▸ **Task prompt**: You are asked to filter the data below and copy every line holding "symmetric".

▸ **The input**:
(* Let $n,k$ be positive integers. There exists a $k$--$\mathrm{MOFR}(2,2n;2)$ if and only if there exists an orthogonal array $\mathrm{OA}(2n,k,2,2)$.
   Context: A frequency rectangle of type $\mathrm{FR}(m,n;q)$ is an $m\times n$ array on a symbol set of size $q$ in which each symbol appears exactly $n/q$ times in each row and $m/q$ times in each column. Two frequency rectangles of the same type are orthogonal if upon superimposition each of the $q^2$ ordered pairs of symbols appears the same number of times. A $k$--$\mathrm{MOFR}(m,n;q)$ is a set of $k$ pairwise orthogonal frequency rectangles of type $\mathrm{FR}(m,n;q)$. An orthogonal array $\mathrm{OA}(N,k,q,t)$ is an $N\times k$ array on a symbol set of size $q$ such that in every $N\times t$ subarray each ordered $t$-tuple of symbols appears as a row the same number of times. *)

theory Defs
  imports Main
begin

(* Arrays are functions nat => nat => nat, only the entries at row i < m and
   column j < n matter; the symbol set of size q is {0..<q}. *)

definition freq_rect :: "nat \<Rightarrow> nat \<Rightarrow> nat \<Rightarrow> (nat \<Rightarrow> nat \<Rightarrow> nat) \<Rightarrow> bool" where
  "freq_rect m n q A \<longleftrightarrow>
     (\<forall>i<m. \<forall>j<n. A i j < q) \<and>
     (\<forall>s<q. \<forall>i<m. card {j. j < n \<and> A i j = s} * q = n) \<and>
     (\<forall>s<q. \<forall>j<n. card {i. i < m \<and> A i j = s} * q = m)"

definition orth_fr :: "nat \<Rightarrow> nat \<Rightarrow> nat \<Rightarrow> (nat \<Rightarrow> nat \<Rightarrow> nat) \<Rightarrow> (nat \<Rightarrow> nat \<Rightarrow> nat) \<Rightarrow> bool" where
  "orth_fr m n q A B \<longleftrightarrow>
     (\<exists>c. \<forall>a<q. \<forall>b<q.
        card {(i, j). i < m \<and> j < n \<and> A i j = a \<and> B i j = b} = c)"

definition MOFR :: "nat \<Rightarrow> nat \<Rightarrow> nat \<Rightarrow> nat \<Rightarrow> (nat \<Rightarrow> nat \<Rightarrow> nat \<Rightarrow> nat) \<Rightarrow> bool" where
  "MOFR k m n q F \<longleftrightarrow>
     (\<forall>l<k. freq_rect m n q (F l)) \<and>
     (\<forall>l<k. \<forall>l'<k. l \<noteq> l' \<longrightarrow> orth_fr m n q (F l) (F l'))"

definition orth_array :: "nat \<Rightarrow> nat \<Rightarrow> nat \<Rightarrow> nat \<Rightarrow> (nat \<Rightarrow> nat \<Rightarrow> nat) \<Rightarrow> bool" where
  "orth_array N k q t A \<longleftrightarrow>
     (\<forall>r<N. \<forall>c<k. A r c < q) \<and>
     (\<forall>cs. distinct cs \<and> length cs = t \<and> set cs \<subseteq> {..<k} \<longrightarrow>
        (\<exists>lam. \<forall>u. length u = t \<and> set u \<subseteq> {..<q} \<longrightarrow>
           card {r. r < N \<and> map (A r) cs = u} = lam))"

end

theory Submission
  imports Defs
begin

(* In an FR(2,2n;2) every column holds both symbols, so the second row is the complement
   of the first, and the rectangle is determined by its first row, a balanced binary word.
   In two such rectangles the pair (a,b) occurs N(a,b) + N(1-a,1-b) times, where N counts
   the pairs in the first rows; together with the balance of the rows, orthogonality forces
   all four N(a,b) to be equal. Hence the first rows of a k-MOFR(2,2n;2) are the columns of
   an OA(2n,k,2,2), and conversely the columns of an OA with k >= 2 are balanced words
   whose rectangles are pairwise orthogonal. For k = 1 the OA condition is vacuous and any
   balanced word gives a 1-MOFR. *)

definition balanced_word :: "nat \<Rightarrow> nat \<Rightarrow> (nat \<Rightarrow> nat) \<Rightarrow> bool" where
  "balanced_word M q w \<longleftrightarrow>
     (\<forall>j<M. w j < q) \<and> (\<forall>s<q. card {j. j < M \<and> w j = s} * q = M)"

definition uniform_pairs :: "nat \<Rightarrow> nat \<Rightarrow> (nat \<Rightarrow> nat) \<Rightarrow> (nat \<Rightarrow> nat) \<Rightarrow> bool" where
  "uniform_pairs M q v w \<longleftrightarrow>
     (\<exists>lam. \<forall>a<q. \<forall>b<q. card {j. j < M \<and> v j = a \<and> w j = b} = lam)"

lemma card_eq_sum_card_fibres:
  assumes "finite S" "finite T" "g ` S \<subseteq> T"
  shows "card S = (\<Sum>y\<in>T. card {x \<in> S. g x = y})"
  using sum.group[OF assms, of "\<lambda>_. 1::nat"] by simp

lemma balanced_word_if_uniform_pairs:
  assumes pairs: "uniform_pairs M q v w"
    and v: "\<forall>j<M. v j < q" and w: "\<forall>j<M. w j < q"
  shows "balanced_word M q v"
proof -
  obtain lam where lam: "\<And>a b. a < q \<Longrightarrow> b < q \<Longrightarrow> card {j. j < M \<and> v j = a \<and> w j = b} = lam"
    using pairs unfolding uniform_pairs_def by blast
  have count: "card {j. j < M \<and> v j = s} = q * lam" if "s < q" for s
  proof -
    have "card {j. j < M \<and> v j = s} = (\<Sum>b<q. card {j \<in> {j. j < M \<and> v j = s}. w j = b})"
      by (rule card_eq_sum_card_fibres) (use w in auto)
    also have "\<dots> = (\<Sum>b<q. lam)"
      by (rule sum.cong) (simp_all add: lam[OF that, symmetric] conj_assoc)
    finally show ?thesis by simp
  qed
  have "M = card {j. j < M}" by simp
  also have "\<dots> = (\<Sum>s<q. card {j \<in> {j. j < M}. v j = s})"
    by (rule card_eq_sum_card_fibres) (use v in auto)
  also have "\<dots> = (\<Sum>s<q. q * lam)"
    by (rule sum.cong) (simp_all add: count)
  finally have "M = q * q * lam" by simp
  then show ?thesis
    using v count unfolding balanced_word_def by simp
qed

lemma balanced_word_threshold: "balanced_word (2 * n) 2 (\<lambda>j. if j < n then 0 else 1)"
proof -
  have "{j. j < 2 * n \<and> (if j < n then 0 else 1) = (0::nat)} = {..<n}"
    "{j. j < 2 * n \<and> (if j < n then 0 else 1) = (1::nat)} = {n..<2 * n}"
    by auto
  then show ?thesis
    unfolding balanced_word_def less_2_cases_iff by auto
qed

lemma card_two_rows:
  "card {(i, j). i < (2::nat) \<and> j < (M::nat) \<and> P i j} = card {j. j < M \<and> P 0 j} + card {j. j < M \<and> P 1 j}"
proof -
  have "{(i, j). i < (2::nat) \<and> j < M \<and> P i j} = Pair 0 ` {j. j < M \<and> P 0 j} \<union> Pair 1 ` {j. j < M \<and> P 1 j}"
    by (auto simp: less_2_cases_iff)
  moreover have "Pair (0::nat) ` {j. j < M \<and> P 0 j} \<inter> Pair 1 ` {j. j < M \<and> P 1 j} = {}"
    by auto
  ultimately show ?thesis
    by (simp add: card_Un_disjoint card_image inj_on_def)
qed

lemma card_binary_split:
  assumes "\<forall>j<(M::nat). w j < (2::nat)"
  shows "card {j. j < M \<and> P j} = card {j. j < M \<and> P j \<and> w j = 0} + card {j. j < M \<and> P j \<and> w j = 1}"
proof -
  have "card {j. j < M \<and> P j} = (\<Sum>b<2. card {j \<in> {j. j < M \<and> P j}. w j = b})"
    by (rule card_eq_sum_card_fibres) (use assms in auto)
  then show ?thesis
    by (simp add: numeral_2_eq_2 conj_assoc)
qed

lemma freq_rect_two_rows_iff:
  "freq_rect 2 M 2 X \<longleftrightarrow> balanced_word M 2 (X 0) \<and> (\<forall>j<M. X 1 j = 1 - X 0 j)"
proof
  assume X: "freq_rect 2 M 2 X"
  have "X 1 j = 1 - X 0 j" if "j < M" for j
  proof -
    from X that have "X 0 j < 2" "X 1 j < 2" "card {i. i < 2 \<and> X i j = X 0 j} * 2 = 2"
      unfolding freq_rect_def by auto
    moreover have "{i. i < 2 \<and> X i j = X 0 j} = (if X 1 j = X 0 j then {0, 1} else {0})"
      by (auto simp: less_2_cases_iff)
    ultimately show ?thesis
      by (cases "X 1 j = X 0 j") auto
  qed
  with X show "balanced_word M 2 (X 0) \<and> (\<forall>j<M. X 1 j = 1 - X 0 j)"
    unfolding freq_rect_def balanced_word_def by auto
next
  assume "balanced_word M 2 (X 0) \<and> (\<forall>j<M. X 1 j = 1 - X 0 j)"
  then have X0: "\<forall>j<M. X 0 j < 2" and row0: "\<forall>s<2. card {j. j < M \<and> X 0 j = s} * 2 = M"
    and X1: "\<forall>j<M. X 1 j = 1 - X 0 j"
    unfolding balanced_word_def by auto
  have row1: "card {j. j < M \<and> X 1 j = s} * 2 = M" if "s < 2" for s
  proof -
    have "{j. j < M \<and> X 1 j = s} = {j. j < M \<and> X 0 j = 1 - s}"
      using X0 X1 that by auto
    then show ?thesis
      using row0 by simp
  qed
  have column: "card {i. i < 2 \<and> X i j = s} = 1" if "j < M" "s < 2" for j s
  proof -
    have "{i. i < 2 \<and> X i j = s} = (if X 0 j = s then {0} else {1})"
      using X0 X1 that by (auto simp: less_2_cases_iff)
    then show ?thesis by simp
  qed
  show "freq_rect 2 M 2 X"
    unfolding freq_rect_def
    using X0 X1 row0 row1 column by (auto simp: less_2_cases_iff)
qed

lemma binary_complement_eq_iff: "x < 2 \<Longrightarrow> a < 2 \<Longrightarrow> 1 - x = a \<longleftrightarrow> x = 1 - (a::nat)"
  by auto

lemma card_cells_complementary_rows:
  fixes X Y :: "nat \<Rightarrow> nat \<Rightarrow> nat"
  assumes "\<forall>j<M. X 0 j < 2 \<and> X 1 j = 1 - X 0 j"
    and "\<forall>j<M. Y 0 j < 2 \<and> Y 1 j = 1 - Y 0 j"
    and "a < 2" "b < 2"
  shows "card {(i, j). i < 2 \<and> j < M \<and> X i j = a \<and> Y i j = b}
    = card {j. j < M \<and> X 0 j = a \<and> Y 0 j = b} + card {j. j < M \<and> X 0 j = 1 - a \<and> Y 0 j = 1 - b}"
proof -
  have "{j. j < M \<and> X 1 j = a \<and> Y 1 j = b} = {j. j < M \<and> X 0 j = 1 - a \<and> Y 0 j = 1 - b}"
    using assms by (auto simp: binary_complement_eq_iff)
  then show ?thesis
    by (simp add: card_two_rows)
qed

lemma orth_fr_two_rows_iff:
  assumes X: "freq_rect 2 M 2 X" and Y: "freq_rect 2 M 2 Y"
  shows "orth_fr 2 M 2 X Y \<longleftrightarrow> uniform_pairs M 2 (X 0) (Y 0)"
proof -
  define N where "N a b = card {j. j < M \<and> X 0 j = a \<and> Y 0 j = b}" for a b
  have X0: "balanced_word M 2 (X 0)" and Y0: "balanced_word M 2 (Y 0)"
    and X1: "\<forall>j<M. X 1 j = 1 - X 0 j" and Y1: "\<forall>j<M. Y 1 j = 1 - Y 0 j"
    using X Y by (simp_all add: freq_rect_two_rows_iff)
  have cells: "card {(i, j). i < 2 \<and> j < M \<and> X i j = a \<and> Y i j = b} = N a b + N (1 - a) (1 - b)"
    if "a < 2" "b < 2" for a b
    unfolding N_def
    by (rule card_cells_complementary_rows) (use X0 Y0 X1 Y1 that in \<open>auto simp: balanced_word_def\<close>)
  show ?thesis
  proof
    assume "orth_fr 2 M 2 X Y"
    then obtain c where hc: "\<forall>a<2. \<forall>b<2. card {(i, j). i < 2 \<and> j < M \<and> X i j = a \<and> Y i j = b} = c"
      unfolding orth_fr_def by blast
    have c: "N a b + N (1 - a) (1 - b) = c" if "a < 2" "b < 2" for a b
      using hc[rule_format, OF that] cells[OF that] by simp
    have margins: "(N s 0 + N s 1) * 2 = M" "(N 0 s + N 1 s) * 2 = M" if "s < 2" for s
    proof -
      have "card {j. j < M \<and> X 0 j = s} * 2 = M" "card {j. j < M \<and> Y 0 j = s} * 2 = M"
        using X0 Y0 that unfolding balanced_word_def by blast+
      moreover have "card {j. j < M \<and> X 0 j = s} = N s 0 + N s 1"
        using card_binary_split[of M "Y 0" "\<lambda>j. X 0 j = s"] Y0 by (simp add: N_def balanced_word_def)
      moreover have "card {j. j < M \<and> Y 0 j = s} = N 0 s + N 1 s"
        using card_binary_split[of M "X 0" "\<lambda>j. Y 0 j = s"] X0 by (simp add: N_def balanced_word_def conj_ac)
      ultimately show "(N s 0 + N s 1) * 2 = M" "(N 0 s + N 1 s) * 2 = M"
        by simp_all
    qed
    have "N 0 1 = N 0 0" "N 1 0 = N 0 0" "N 1 1 = N 0 0"
      using c[of 0 0] c[of 0 1] margins[of 0] margins[of 1] by simp_all
    then have "N a b = N 0 0" if "a < 2" "b < 2" for a b
      using that by (auto simp: less_2_cases_iff)
    then show "uniform_pairs M 2 (X 0) (Y 0)"
      unfolding uniform_pairs_def N_def by blast
  next
    assume "uniform_pairs M 2 (X 0) (Y 0)"
    then obtain lam where "\<And>a b. a < 2 \<Longrightarrow> b < 2 \<Longrightarrow> N a b = lam"
      unfolding uniform_pairs_def N_def by blast
    then have "card {(i, j). i < 2 \<and> j < M \<and> X i j = a \<and> Y i j = b} = 2 * lam"
      if "a < 2" "b < 2" for a b
      using cells[OF that] that by simp
    then show "orth_fr 2 M 2 X Y"
      unfolding orth_fr_def by blast
  qed
qed

lemma length_2_conv: "length xs = 2 \<longleftrightarrow> (\<exists>x y. xs = [x, y])"
  by (auto simp: numeral_2_eq_2 length_Suc_conv)

lemma orth_array_strength_two_iff:
  "orth_array N k q 2 A \<longleftrightarrow>
     (\<forall>r<N. \<forall>c<k. A r c < q) \<and>
     (\<forall>c<k. \<forall>c'<k. c \<noteq> c' \<longrightarrow> uniform_pairs N q (\<lambda>r. A r c) (\<lambda>r. A r c'))"
proof -
  have pairs: "(\<forall>u. length u = 2 \<and> set u \<subseteq> {..<q} \<longrightarrow> P u) \<longleftrightarrow> (\<forall>a<q. \<forall>b<q. P [a, b])"
    for P :: "nat list \<Rightarrow> bool"
    by (auto simp: length_2_conv)
  have columns: "(\<forall>cs. distinct cs \<and> length cs = 2 \<and> set cs \<subseteq> {..<k} \<longrightarrow> P cs)
      \<longleftrightarrow> (\<forall>c<k. \<forall>c'<k. c \<noteq> c' \<longrightarrow> P [c, c'])"
    for P :: "nat list \<Rightarrow> bool"
    by (auto simp: length_2_conv)
  show ?thesis
    unfolding orth_array_def uniform_pairs_def pairs columns by simp
qed

lemma orth_array_column_balanced:
  assumes A: "orth_array N k q 2 A" and "2 \<le> k" "c < k"
  shows "balanced_word N q (\<lambda>r. A r c)"
proof -
  define c' where "c' = (if c = 0 then 1 else 0 :: nat)"
  have "c' < k" "c \<noteq> c'"
    using assms(2) unfolding c'_def by auto
  with A \<open>c < k\<close> show ?thesis
    unfolding orth_array_strength_two_iff by (blast intro: balanced_word_if_uniform_pairs)
qed

lemma MOFR_imp_orth_array:
  assumes "MOFR k 2 M 2 F"
  shows "orth_array M k 2 2 (\<lambda>r c. F c 0 r)"
  using assms
  by (auto simp: MOFR_def orth_array_strength_two_iff freq_rect_two_rows_iff balanced_word_def
      orth_fr_two_rows_iff[symmetric])

lemma orth_array_imp_MOFR:
  assumes A: "orth_array M k 2 2 A" and "2 \<le> k"
  shows "MOFR k 2 M 2 (\<lambda>l i j. if i = 0 then A j l else 1 - A j l)"
proof -
  have "freq_rect 2 M 2 (\<lambda>i j. if i = 0 then A j l else 1 - A j l)" if "l < k" for l
    using orth_array_column_balanced[OF assms that] by (simp add: freq_rect_two_rows_iff)
  then show ?thesis
    using A by (auto simp: MOFR_def orth_fr_two_rows_iff orth_array_strength_two_iff)
qed

theorem mainTheorem3:
  fixes n k :: nat
  assumes "0 < n" and "0 < k"
  shows "(\<exists>F. MOFR k 2 (2 * n) 2 F) \<longleftrightarrow> (\<exists>A. orth_array (2 * n) k 2 2 A)"
proof
  assume "\<exists>F. MOFR k 2 (2 * n) 2 F"
  then show "\<exists>A. orth_array (2 * n) k 2 2 A"
    using MOFR_imp_orth_array by blast
next
  assume A: "\<exists>A. orth_array (2 * n) k 2 2 A"
  show "\<exists>F. MOFR k 2 (2 * n) 2 F"
  proof (cases "k = 1")
    case True
    define w :: "nat \<Rightarrow> nat" where "w j = (if j < n then 0 else 1)" for j
    have "freq_rect 2 (2 * n) 2 (\<lambda>i j. if i = 0 then w j else 1 - w j)"
      using balanced_word_threshold[of n] by (simp add: freq_rect_two_rows_iff w_def)
    with True have "MOFR k 2 (2 * n) 2 (\<lambda>_ i j. if i = 0 then w j else 1 - w j)"
      unfolding MOFR_def by blast
    then show ?thesis by blast
  next
    case False
    with \<open>0 < k\<close> A show ?thesis
      using orth_array_imp_MOFR by fastforce
  qed
qed

end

▸ **Exercise output**:
      by (rule sum.cong) (simp_all add: lam[OF that, symmetric] conj_assoc)
      orth_fr_two_rows_iff[symmetric])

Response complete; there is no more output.